Модели в LightFM работают с разреженными матрицами.

In [38]:
from lightfm.data import Dataset

In [39]:
dataset = Dataset()
dataset.fit(interactions_full_df.personId, interactions_full_df.contentId)

X = (interactions_train_df[["personId", "contentId", "eventStrength"]].apply(tuple, axis=1), interactions_test_df[["personId", "contentId", "eventStrength"]].apply(tuple, axis=1))


In [40]:
data_train = dataset.build_interactions(X[0])[1]
data_test = dataset.build_interactions(X[1])[1]

In [41]:
model_lightFM = LightFM(loss = 'warp', k = 10)

model_lightFM.fit(data_train, epochs = 20)

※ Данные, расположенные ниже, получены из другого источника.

(* If $V=Mod(\Sigma)$ is a stable non-trivial variety of semigroups, then $\Sigma\models f(f(x_1,x_1),x_1)\approx f(x_1,x_1)$.
   Context: Type $\tau=(2)$: a single binary operation symbol $f$; terms over $X=\{x_1,x_2,\dots\}$, $W_\tau(X_n)$ terms in $x_1,\dots,x_n$. A semigroup variety is a variety of groupoids satisfying associativity $f(x_1,f(x_2,x_3))\approx f(f(x_1,x_2),x_3)$; non-trivial means it contains an algebra with more than one element. $\Sigma\models t\approx s$: every groupoid satisfying $\Sigma$ satisfies $t\approx s$. Positions $Pos(t)\subseteq\{1,2\}^*$ (root $\varepsilon$, children $p1,p2$), $sub_t(p)$ the subterm at $p$, $\preceq$ prefix order, $t(p;r)$ replacement at $p$. A position $p\in Pos(t)$, $t\in W_\tau(X_n)$, is $\Sigma$-essential if there is an algebra $\mathcal A\models\Sigma$ in which the term operation of $t(p;x_{n+1})$ depends on $x_{n+1}$ (changing only the value of $x_{n+1}$ can change the result); $PEss(t,\Sigma)$ is the set of these. $SEss(t,\Sigma)=\{r\mid \Sigma\models r\approx sub_t(p),\ p\in PEss(t,\Sigma)\}$. $P_r^t$ is the set of $\preceq$-minimal elements of $\{p\in Pos(t)\mid\Sigma\models sub_t(p)\approx r\}$; $t^\Sigma(r\leftarrow u)=t$ if $P_r^t=\emptyset$, else $t$ with subterms at all positions of $P_r^t$ replaced by $u$. $V$ is stable if, with $\Sigma=Id(V)$: $t\approx s\in\Sigma$ and $r\in SEss(t,\Sigma)\cap SEss(s,\Sigma)$ imply $t^\Sigma(r\leftarrow u)\approx s^\Sigma(r\leftarrow u)\in\Sigma$ for all $u$. *)

theory Defs
  imports "HOL-Library.Sublist"
begin

datatype trm = Var nat | F trm trm

fun maxvar :: "trm \<Rightarrow> nat" where
  "maxvar (Var i) = i"
| "maxvar (F a b) = max (maxvar a) (maxvar b)"

fun eval :: "(nat \<Rightarrow> nat \<Rightarrow> nat) \<Rightarrow> (nat \<Rightarrow> nat) \<Rightarrow> trm \<Rightarrow> nat" where
  "eval op \<sigma> (Var i) = \<sigma> i"
| "eval op \<sigma> (F a b) = op (eval op \<sigma> a) (eval op \<sigma> b)"

type_synonym idnt = "trm \<times> trm"

definition groupoid :: "nat set \<Rightarrow> (nat \<Rightarrow> nat \<Rightarrow> nat) \<Rightarrow> bool" where
  "groupoid C op \<longleftrightarrow> C \<noteq> {} \<and> (\<forall>a\<in>C. \<forall>b\<in>C. op a b \<in> C)"

definition holds :: "nat set \<Rightarrow> (nat \<Rightarrow> nat \<Rightarrow> nat) \<Rightarrow> idnt \<Rightarrow> bool" where
  "holds C op e \<longleftrightarrow> (\<forall>\<sigma>. (\<forall>i. \<sigma> i \<in> C) \<longrightarrow> eval op \<sigma> (fst e) = eval op \<sigma> (snd e))"

definition is_model :: "nat set \<Rightarrow> (nat \<Rightarrow> nat \<Rightarrow> nat) \<Rightarrow> idnt set \<Rightarrow> bool" where
  "is_model C op \<Sigma> \<longleftrightarrow> groupoid C op \<and> (\<forall>e\<in>\<Sigma>. holds C op e)"

definition entails :: "idnt set \<Rightarrow> trm \<Rightarrow> trm \<Rightarrow> bool" where
  "entails \<Sigma> t s \<longleftrightarrow> (\<forall>C op. is_model C op \<Sigma> \<longrightarrow> holds C op (t, s))"
(* Let $(\Omega,\mathcal{F},(\mathbb{F}_n)_{n\in\mathbb{N}_0},\mathbb{P})$ be a filtered probability space. For every $n\in\mathbb{N}$ let $\gamma_n\colon\Omega\to[0,\infty)$ be $\mathbb{F}_{n-1}$-measurable, and assume that for every $\omega\in\Omega$: $\limsup_{n\to\infty}\gamma_n(\omega)=0$, $\sum_{n=1}^\infty\gamma_n(\omega)=\infty$, and $\gamma_{n+1}(\omega)\le\gamma_n(\omega)$ for all $n\in\mathbb{N}$. Let $d\in\mathbb{N}$, let $g\colon\mathbb{R}^d\to\mathbb{R}^d$ be measurable and locally bounded, and let $c\in(0,\infty)$ satisfy $\langle\theta,g(\theta)\rangle\le -c\|\theta\|^2$ for all $\theta\in\mathbb{R}^d$. Let $D\colon\mathbb{N}\times\Omega\to\mathbb{R}^d$ be a stochastic process with $\mathbb{E}[\|D_n\|]<\infty$ and $\mathbb{E}[D_n\mid\mathbb{F}_{n-1}]=0$ $\mathbb{P}$-a.s. for all $n\in\mathbb{N}$. Let $\Theta\colon\mathbb{N}_0\times\Omega\to\mathbb{R}^d$ be an $(\mathbb{F}_n)_{n\in\mathbb{N}_0}$-adapted process such that for all $n\in\mathbb{N}$ $$\Theta_n=\Theta_{n-1}+\gamma_n g(\Theta_{n-1})+\gamma_n D_n.$$ For every $R\in\mathbb{R}$ let $\tau_R=\inf(\{n\in\mathbb{N}_0\colon\|\Theta_n\|^2\ge R\}\cup\{\infty\})$, and assume that $\mathbb{E}[\sup_{n\le\tau_R}\|D_n\|^2]<\infty$ for all $R\in\mathbb{R}$. For every $t\in[0,\infty)$ let $N_t=\inf\{n\in\mathbb{N}_0\colon\sum_{m=1}^n\gamma_m\ge t\}$, and let $\mathcal{E}=\{\sup_{n\in\mathbb{N}}\|\Theta_n\|<\infty\}$. Then (i) for all $\delta\in(0,\infty)$: $\limsup_{n\to\infty}\mathbb{E}\big[\min\{1,\|\Theta_{N_{n\delta}}\|\mathbb{1}_{\mathcal{E}}\}\big]=0$; (ii) for all $\delta\in(0,\infty)$: $\limsup_{n\to\infty}\mathbb{E}\big[\min\{1,(\max_{N_{n\delta}\le m\le N_{(n+1)\delta}}\|\Theta_m\|)\mathbb{1}_{\mathcal{E}}\}\big]=0$; (iii) $\limsup_{t\to\infty}\mathbb{E}\big[\min\{1,\|\Theta_{N_t}\|\mathbb{1}_{\mathcal{E}}\}\big]=0$.
   Context: $\langle\cdot,\cdot\rangle$ and $\|\cdot\|$ denote the Euclidean inner product and norm; $\mathbb{1}_{\mathcal{E}}$ is the indicator function of $\mathcal{E}$. *)

theory Defs
  imports "HOL-Probability.Probability"
begin

text \<open>First entrance time tau_R = inf ({n in N0 : norm (Theta n) ^ 2 >= R} union {infinity}),
  as an extended natural number (Inf of the empty set of enat is infinity).\<close>
definition entrance_time :: "(nat \<Rightarrow> 'a \<Rightarrow> 'b::real_normed_vector) \<Rightarrow> real \<Rightarrow> 'a \<Rightarrow> enat" where
  "entrance_time \<Theta> R \<omega> = (INF n\<in>{n. norm (\<Theta> n \<omega>) ^ 2 \<ge> R}. enat n)"

definition time_index :: "(nat \<Rightarrow> 'a \<Rightarrow> real) \<Rightarrow> real \<Rightarrow> 'a \<Rightarrow> nat" where
  "time_index \<gamma> t \<omega> = (LEAST n. (\<Sum>m=1..n. \<gamma> m \<omega>) \<ge> t)"

definition locally_bounded :: "('a::metric_space \<Rightarrow> 'b::real_normed_vector) \<Rightarrow> bool" where
  "locally_bounded g \<longleftrightarrow> (\<forall>x. \<exists>e>0. bounded (g ` ball x e))"

end

(* Expanding the recursion shows that, as long as Theta stays in a ball of radius sqrt R on which
   |g| is bounded by G, and |D_n|^2 is bounded by K,
     |Theta_n|^2 <= (1 - 2 c gamma_n) |Theta_(n-1)|^2 + 2 gamma_n <Theta_(n-1), D_n>
                    + 2 gamma_n^2 (G^2 + K).
   Over a stretch of elapsed time T the contraction factors multiply to exp (-2 c T), so |Theta|^2
   is at most R exp (-2 c T) plus the martingale term and the quadratic error. Once the step sizes
   are below eta, the quadratic error is of order eta, and the martingale term, whose increments
   have second moments of order eta, is small with high probability by Kolmogorov's maximal
   inequality. On the event E, Theta stays in a ball of radius sqrt R, the running maximum of the
   noise stays below K, and the step sizes have dropped below eta, except with small probability
   once R, K and n are large; then Theta is small on the whole window from N_(n delta) to
   N_((n+1) delta). This gives (ii), and (i) and (iii) follow since N_t lies in such a window. *)
theory Submission
  imports Defs
begin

<lightfm.lightfm.LightFM at 0x7fbf47fe0a50>

In [42]:
precision_at_k(model_lightFM, data_test, data_train, 10).mean()

0.0061099795

In [44]:
from sklearn.feature_extraction.text import TfidfVectorizer

articles_text_full_df = pd.merge(pd.DataFrame(interactions_full_df["contentId"].unique(), columns = ["contentId"]), articles_df[["contentId", "text"]], on = "contentId", how = "left") 

articles_text_full_df.text.isna().sum() # везде ли есть данные

8

In [45]:
articles_text_full_df["text"] = articles_text_full_df.text.fillna("")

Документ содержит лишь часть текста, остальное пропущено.